* Exercise *
Which lines of the entries contain the string "have"? Please find them and copy them.

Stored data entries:
section \<open>The graph M_II(k)\<close>

lemma card_MII_clique: "card (C ` {1..k}) = k"
  using card_image[of C "{1..k}"] by (simp add: inj_on_def)

lemma MII_V_C [simp]: "C i \<in> MII_V k \<longleftrightarrow> 1 \<le> i \<and> i \<le> k"
  and MII_V_A [simp]: "A i \<in> MII_V k \<longleftrightarrow> 1 \<le> i \<and> i \<le> k - 2"
  and MII_V_B [simp]: "B1 \<in> MII_V k" "B2 \<in> MII_V k"
  by (auto simp: MII_V_def)

locale MII_representation =
  fixes k :: nat and w :: "vtx list"
  assumes four_le_k: "4 \<le> k"
    and represents_MII: "represents (MII_V k) (MII_E k) w"

sublocale MII_representation \<subseteq> represented_graph_clique "MII_V k" "MII_E k" w "C ` {1..k}"
  using represents_MII by unfold_locales (auto simp: MII_E_def)

context MII_representation
begin

definition pos :: "nat \<Rightarrow> nat" where
  "pos i = rank (C i)"

lemma bij_betw_pos: "bij_betw pos {1..k} {..<k}"
proof -
  have "bij_betw C {1..k} (C ` {1..k})"
    by (rule bij_betw_imageI) (auto simp: inj_on_def)
  from bij_betw_trans[OF this bij_betw_rank] show ?thesis
    unfolding card_MII_clique pos_def comp_def .
qed

lemma cyclically_adjacent_pos:
  assumes "i \<in> {1..<k - 1}"
  shows "cyclically_adjacent k (pos i) (pos (Suc i))"
proof -
  have "cyclically_adjacent (card (C ` {1..k})) (rank (C i)) (rank (C (Suc i)))"
    using assms by (intro two_clique_neighbours_cyclically_adjacent[of "A i"]) (auto simp: MII_E_def)
  then show ?thesis
    unfolding card_MII_clique pos_def .
qed

lemma between_C1_iff_between_Ck1:
  "between (C 2) (C 1) (C k) \<longleftrightarrow> between (C 2) (C (k - 1)) (C k)"
proof
  assume "between (C 2) (C 1) (C k)"
  then have "between (C 2) B2 (C k)"
    by (rule between_if_nonadjacent) (use four_le_k in \<open>auto simp: MII_E_def\<close>)
  then have "between (C 2) B1 (C k)"
    by (rule between_if_nonadjacent) (use four_le_k in \<open>auto simp: MII_E_def\<close>)
  then show "between (C 2) (C (k - 1)) (C k)"
    by (rule between_if_nonadjacent) (use four_le_k in \<open>auto simp: MII_E_def\<close>)
next
  assume "between (C 2) (C (k - 1)) (C k)"
  then have "between (C 2) B1 (C k)"
    by (rule between_if_nonadjacent) (use four_le_k in \<open>auto simp: MII_E_def\<close>)
  then have "between (C 2) B2 (C k)"
    by (rule between_if_nonadjacent) (use four_le_k in \<open>auto simp: MII_E_def\<close>)
  then show "between (C 2) (C 1) (C k)"
    by (rule between_if_nonadjacent) (use four_le_k in \<open>auto simp: MII_E_def\<close>)
qed

end

lemma not_represents_MII:
  assumes "4 \<le> k"
  shows "\<not> represents (MII_V k) (MII_E k) w"
proof
  assume "represents (MII_V k) (MII_E k) w"
  with assms interpret MII_representation k w
    by unfold_locales
  have "between (C 2) (C m) (C k) \<longleftrightarrow> strictly_between (pos 2) (pos m) (pos k)"
    if "m \<in> {1..k}" for m
    using that assms by (simp add: between_iff_rank pos_def)
  then show False
    using cyclic_path_strictly_between[OF assms bij_betw_pos cyclically_adjacent_pos]
      between_C1_iff_between_Ck1 assms by simp
qed

theorem lemma10:
  fixes k :: nat
  assumes "even k" and "k \<ge> 4"
  shows "\<not> word_representable (MII_V k) (MII_E k)"
  using not_represents_MII[OF assms(2)] unfolding word_representable_def by blast

end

* Exercise response *
  have "bij_betw C {1..k} (C ` {1..k})"
  have "cyclically_adjacent (card (C ` {1..k})) (rank (C i)) (rank (C (Suc i)))"
  then have "between (C 2) B2 (C k)"
  then have "between (C 2) B1 (C k)"
  then have "between (C 2) B1 (C k)"
  then have "between (C 2) B2 (C k)"
  have "between (C 2) (C m) (C k) \<longleftrightarrow> strictly_between (pos 2) (pos m) (pos k)"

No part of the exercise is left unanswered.